Records for processing below:
lemma acyclic_card_vertices_ge:
  assumes "graph_acyclic V E r" "is_subgraph W F" "W \<noteq> {}"
  shows "card F + 1 \<le> card W"
proof -
  have "finite F" using is_subgraph_finite[OF assms(2)] by simp
  then show ?thesis
    using assms(2,3)
  proof (induction F arbitrary: W rule: finite_psubset_induct)
    case (psubset F)
    show ?case
    proof (cases "F = {}")
      case True
      then show ?thesis
        using psubset.prems is_subgraph_finite by (simp add: Suc_le_eq card_gt_0_iff)
    next
      case False
      then obtain e where "e \<in> F" by blast
      define F' where "F' = F - {e}"
      have F: "F' \<subset> F" "card F = Suc (card F')"
        using \<open>e \<in> F\<close> card_Suc_Diff1[OF psubset.hyps \<open>e \<in> F\<close>] by (auto simp: F'_def)
      have e: "e \<in> E" "r e \<subseteq> W" and sub': "is_subgraph W F'"
        using psubset.prems(1) \<open>e \<in> F\<close> by (auto simp: is_subgraph_def F'_def)
      obtain u w where uw: "r e = {u, w}" "u \<noteq> w"
        using endpoints_cases e(1) by blast
      have "(u, w) \<notin> (adj_rel V F' r)\<^sup>*"
        using acyclic_edge_not_bypassed[OF assms(1) e(1) uw] sub'
        by (auto simp: is_subgraph_def F'_def)
      then have "decomposable W F'"
        using decomposable_if_not_reachable[OF sub'] uw e(2) by blast
      then obtain W1 F1 W2 F2 where sp: "splits W F' W1 F1 W2 F2"
        by (auto simp: decomposable_def)
      then have "F1 \<subset> F" "F2 \<subset> F" "is_subgraph W1 F1" "is_subgraph W2 F2" "W1 \<noteq> {}" "W2 \<noteq> {}"
        using F(1) by (auto simp: splits_def)
      then have "card F1 + 1 \<le> card W1" "card F2 + 1 \<le> card W2"
        using psubset.IH by blast+
      then show ?thesis
        using splits_card[OF sp] F(2) by simp
    qed
  qed
qed

definition euler_char :: "('v + 'e \<Rightarrow> nat) \<Rightarrow> int" where
  "euler_char a = (\<Sum>v\<in>V. int (a (Inl v))) - (\<Sum>e\<in>E. int (a (Inr e)))"

lemma euler_char_add: "euler_char (a + b) = euler_char a + euler_char b"
  by (simp add: euler_char_def sum.distrib)

lemma euler_char_subgraph_agg:
  assumes "is_subgraph W F"
  shows "euler_char (subgraph_agg W F) = int (card W) - int (card F)"
proof -
  have "V \<inter> W = W" "E \<inter> F = F"
    using assms by (auto simp: is_subgraph_def)
  then show ?thesis
    using finite_V finite_E by (simp add: euler_char_def)
qed

lemma acyclic_imp_half_factorial:
  assumes "graph_acyclic V E r"
  shows "half_factorial A"
proof (rule half_factorial_if_length_function)
  show "euler_char (a + b) = euler_char a + euler_char b" for a b
    by (rule euler_char_add)
  fix q assume q: "q \<in> atoms A"
  then obtain W F where sub: "is_subgraph W F" and q_eq: "q = subgraph_agg W F"
    by (rule atom_subgraph_agg_cases)
  then have "card W \<le> card F + 1" "W \<noteq> {}"
    using q atom_card_vertices_le subgraph_agg_in_atoms_iff by blast+
  moreover have "card F + 1 \<le> card W"
    using acyclic_card_vertices_ge[OF assms sub] \<open>W \<noteq> {}\<close> .
  ultimately show "euler_char q = 1"
    using euler_char_subgraph_agg[OF sub] q_eq by simp
qed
End of Records for processing.
Work instruction> From the entries, work out how many lines include the word "where", answering with the number only.

Final answer> 6